| Problem to solve |
Word for word, restate all of the records.
+++ Records to use +++
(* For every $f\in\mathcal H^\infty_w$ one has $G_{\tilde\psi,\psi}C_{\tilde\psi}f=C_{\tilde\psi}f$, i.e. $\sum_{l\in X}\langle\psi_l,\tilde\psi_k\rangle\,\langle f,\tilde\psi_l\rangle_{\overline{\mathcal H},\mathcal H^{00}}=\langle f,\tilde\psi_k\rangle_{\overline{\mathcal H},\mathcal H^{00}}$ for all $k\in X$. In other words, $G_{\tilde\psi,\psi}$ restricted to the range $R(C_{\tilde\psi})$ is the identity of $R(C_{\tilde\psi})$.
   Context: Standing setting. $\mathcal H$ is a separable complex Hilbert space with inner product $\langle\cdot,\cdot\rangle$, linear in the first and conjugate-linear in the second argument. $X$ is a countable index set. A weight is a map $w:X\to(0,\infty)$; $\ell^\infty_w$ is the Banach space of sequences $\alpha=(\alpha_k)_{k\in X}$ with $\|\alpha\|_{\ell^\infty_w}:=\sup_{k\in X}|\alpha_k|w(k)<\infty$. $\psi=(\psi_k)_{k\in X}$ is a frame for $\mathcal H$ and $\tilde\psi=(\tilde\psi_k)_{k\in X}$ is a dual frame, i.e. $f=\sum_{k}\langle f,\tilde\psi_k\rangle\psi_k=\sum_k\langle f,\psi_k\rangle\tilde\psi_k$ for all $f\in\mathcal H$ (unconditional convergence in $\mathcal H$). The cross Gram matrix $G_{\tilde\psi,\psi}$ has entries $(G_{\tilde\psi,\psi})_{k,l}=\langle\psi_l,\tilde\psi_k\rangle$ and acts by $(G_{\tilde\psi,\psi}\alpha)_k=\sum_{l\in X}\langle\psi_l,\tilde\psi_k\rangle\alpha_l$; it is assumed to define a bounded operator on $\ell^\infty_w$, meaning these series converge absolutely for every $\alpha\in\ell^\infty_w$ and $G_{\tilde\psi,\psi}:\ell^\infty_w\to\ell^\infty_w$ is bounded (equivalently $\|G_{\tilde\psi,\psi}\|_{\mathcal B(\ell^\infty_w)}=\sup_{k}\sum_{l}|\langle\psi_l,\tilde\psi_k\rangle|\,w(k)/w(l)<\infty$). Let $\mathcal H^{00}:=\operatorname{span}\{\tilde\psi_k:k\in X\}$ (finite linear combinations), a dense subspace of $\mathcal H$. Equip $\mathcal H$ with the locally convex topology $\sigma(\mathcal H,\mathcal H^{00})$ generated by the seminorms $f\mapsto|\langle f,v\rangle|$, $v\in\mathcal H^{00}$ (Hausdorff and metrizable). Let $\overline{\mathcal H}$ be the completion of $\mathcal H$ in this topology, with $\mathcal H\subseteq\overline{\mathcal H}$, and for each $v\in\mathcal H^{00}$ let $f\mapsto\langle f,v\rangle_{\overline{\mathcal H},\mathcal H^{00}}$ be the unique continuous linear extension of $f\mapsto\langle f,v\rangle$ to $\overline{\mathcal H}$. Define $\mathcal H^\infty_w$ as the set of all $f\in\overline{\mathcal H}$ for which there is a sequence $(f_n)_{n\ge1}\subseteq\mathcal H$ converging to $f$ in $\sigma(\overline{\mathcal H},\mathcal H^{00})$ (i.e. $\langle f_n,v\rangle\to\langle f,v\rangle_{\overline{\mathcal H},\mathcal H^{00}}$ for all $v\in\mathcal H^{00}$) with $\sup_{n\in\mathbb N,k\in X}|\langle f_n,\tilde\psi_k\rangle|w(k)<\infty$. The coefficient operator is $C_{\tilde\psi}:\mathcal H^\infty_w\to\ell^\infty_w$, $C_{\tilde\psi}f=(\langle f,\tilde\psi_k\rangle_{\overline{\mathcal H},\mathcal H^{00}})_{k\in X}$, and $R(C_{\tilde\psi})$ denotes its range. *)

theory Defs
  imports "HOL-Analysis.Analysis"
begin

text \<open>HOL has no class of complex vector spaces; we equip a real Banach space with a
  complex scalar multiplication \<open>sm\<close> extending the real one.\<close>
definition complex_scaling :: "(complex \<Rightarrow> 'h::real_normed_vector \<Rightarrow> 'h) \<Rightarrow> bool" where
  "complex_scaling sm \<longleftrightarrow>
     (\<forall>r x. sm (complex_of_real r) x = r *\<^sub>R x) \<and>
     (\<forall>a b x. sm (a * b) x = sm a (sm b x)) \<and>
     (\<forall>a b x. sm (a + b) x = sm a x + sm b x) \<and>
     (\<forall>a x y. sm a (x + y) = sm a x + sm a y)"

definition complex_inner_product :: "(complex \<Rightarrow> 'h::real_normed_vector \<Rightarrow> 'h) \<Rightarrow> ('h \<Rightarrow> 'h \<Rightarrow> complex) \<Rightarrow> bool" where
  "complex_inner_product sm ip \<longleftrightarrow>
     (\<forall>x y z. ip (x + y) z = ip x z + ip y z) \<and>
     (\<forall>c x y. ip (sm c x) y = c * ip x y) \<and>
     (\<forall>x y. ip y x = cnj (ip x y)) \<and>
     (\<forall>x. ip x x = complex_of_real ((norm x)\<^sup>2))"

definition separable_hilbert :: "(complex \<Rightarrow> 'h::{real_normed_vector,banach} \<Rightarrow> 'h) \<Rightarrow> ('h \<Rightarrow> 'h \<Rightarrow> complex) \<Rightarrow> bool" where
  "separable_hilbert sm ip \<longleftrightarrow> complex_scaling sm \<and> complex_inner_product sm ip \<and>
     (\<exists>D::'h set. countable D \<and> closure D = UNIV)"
+++
| Expected answer |
(* For every $f\in\mathcal H^\infty_w$ one has $G_{\tilde\psi,\psi}C_{\tilde\psi}f=C_{\tilde\psi}f$, i.e. $\sum_{l\in X}\langle\psi_l,\tilde\psi_k\rangle\,\langle f,\tilde\psi_l\rangle_{\overline{\mathcal H},\mathcal H^{00}}=\langle f,\tilde\psi_k\rangle_{\overline{\mathcal H},\mathcal H^{00}}$ for all $k\in X$. In other words, $G_{\tilde\psi,\psi}$ restricted to the range $R(C_{\tilde\psi})$ is the identity of $R(C_{\tilde\psi})$.
   Context: Standing setting. $\mathcal H$ is a separable complex Hilbert space with inner product $\langle\cdot,\cdot\rangle$, linear in the first and conjugate-linear in the second argument. $X$ is a countable index set. A weight is a map $w:X\to(0,\infty)$; $\ell^\infty_w$ is the Banach space of sequences $\alpha=(\alpha_k)_{k\in X}$ with $\|\alpha\|_{\ell^\infty_w}:=\sup_{k\in X}|\alpha_k|w(k)<\infty$. $\psi=(\psi_k)_{k\in X}$ is a frame for $\mathcal H$ and $\tilde\psi=(\tilde\psi_k)_{k\in X}$ is a dual frame, i.e. $f=\sum_{k}\langle f,\tilde\psi_k\rangle\psi_k=\sum_k\langle f,\psi_k\rangle\tilde\psi_k$ for all $f\in\mathcal H$ (unconditional convergence in $\mathcal H$). The cross Gram matrix $G_{\tilde\psi,\psi}$ has entries $(G_{\tilde\psi,\psi})_{k,l}=\langle\psi_l,\tilde\psi_k\rangle$ and acts by $(G_{\tilde\psi,\psi}\alpha)_k=\sum_{l\in X}\langle\psi_l,\tilde\psi_k\rangle\alpha_l$; it is assumed to define a bounded operator on $\ell^\infty_w$, meaning these series converge absolutely for every $\alpha\in\ell^\infty_w$ and $G_{\tilde\psi,\psi}:\ell^\infty_w\to\ell^\infty_w$ is bounded (equivalently $\|G_{\tilde\psi,\psi}\|_{\mathcal B(\ell^\infty_w)}=\sup_{k}\sum_{l}|\langle\psi_l,\tilde\psi_k\rangle|\,w(k)/w(l)<\infty$). Let $\mathcal H^{00}:=\operatorname{span}\{\tilde\psi_k:k\in X\}$ (finite linear combinations), a dense subspace of $\mathcal H$. Equip $\mathcal H$ with the locally convex topology $\sigma(\mathcal H,\mathcal H^{00})$ generated by the seminorms $f\mapsto|\langle f,v\rangle|$, $v\in\mathcal H^{00}$ (Hausdorff and metrizable). Let $\overline{\mathcal H}$ be the completion of $\mathcal H$ in this topology, with $\mathcal H\subseteq\overline{\mathcal H}$, and for each $v\in\mathcal H^{00}$ let $f\mapsto\langle f,v\rangle_{\overline{\mathcal H},\mathcal H^{00}}$ be the unique continuous linear extension of $f\mapsto\langle f,v\rangle$ to $\overline{\mathcal H}$. Define $\mathcal H^\infty_w$ as the set of all $f\in\overline{\mathcal H}$ for which there is a sequence $(f_n)_{n\ge1}\subseteq\mathcal H$ converging to $f$ in $\sigma(\overline{\mathcal H},\mathcal H^{00})$ (i.e. $\langle f_n,v\rangle\to\langle f,v\rangle_{\overline{\mathcal H},\mathcal H^{00}}$ for all $v\in\mathcal H^{00}$) with $\sup_{n\in\mathbb N,k\in X}|\langle f_n,\tilde\psi_k\rangle|w(k)<\infty$. The coefficient operator is $C_{\tilde\psi}:\mathcal H^\infty_w\to\ell^\infty_w$, $C_{\tilde\psi}f=(\langle f,\tilde\psi_k\rangle_{\overline{\mathcal H},\mathcal H^{00}})_{k\in X}$, and $R(C_{\tilde\psi})$ denotes its range. *)

theory Defs
  imports "HOL-Analysis.Analysis"
begin

text \<open>HOL has no class of complex vector spaces; we equip a real Banach space with a
  complex scalar multiplication \<open>sm\<close> extending the real one.\<close>
definition complex_scaling :: "(complex \<Rightarrow> 'h::real_normed_vector \<Rightarrow> 'h) \<Rightarrow> bool" where
  "complex_scaling sm \<longleftrightarrow>
     (\<forall>r x. sm (complex_of_real r) x = r *\<^sub>R x) \<and>
     (\<forall>a b x. sm (a * b) x = sm a (sm b x)) \<and>
     (\<forall>a b x. sm (a + b) x = sm a x + sm b x) \<and>
     (\<forall>a x y. sm a (x + y) = sm a x + sm a y)"

definition complex_inner_product :: "(complex \<Rightarrow> 'h::real_normed_vector \<Rightarrow> 'h) \<Rightarrow> ('h \<Rightarrow> 'h \<Rightarrow> complex) \<Rightarrow> bool" where
  "complex_inner_product sm ip \<longleftrightarrow>
     (\<forall>x y z. ip (x + y) z = ip x z + ip y z) \<and>
     (\<forall>c x y. ip (sm c x) y = c * ip x y) \<and>
     (\<forall>x y. ip y x = cnj (ip x y)) \<and>
     (\<forall>x. ip x x = complex_of_real ((norm x)\<^sup>2))"

definition separable_hilbert :: "(complex \<Rightarrow> 'h::{real_normed_vector,banach} \<Rightarrow> 'h) \<Rightarrow> ('h \<Rightarrow> 'h \<Rightarrow> complex) \<Rightarrow> bool" where
  "separable_hilbert sm ip \<longleftrightarrow> complex_scaling sm \<and> complex_inner_product sm ip \<and>
     (\<exists>D::'h set. countable D \<and> closure D = UNIV)"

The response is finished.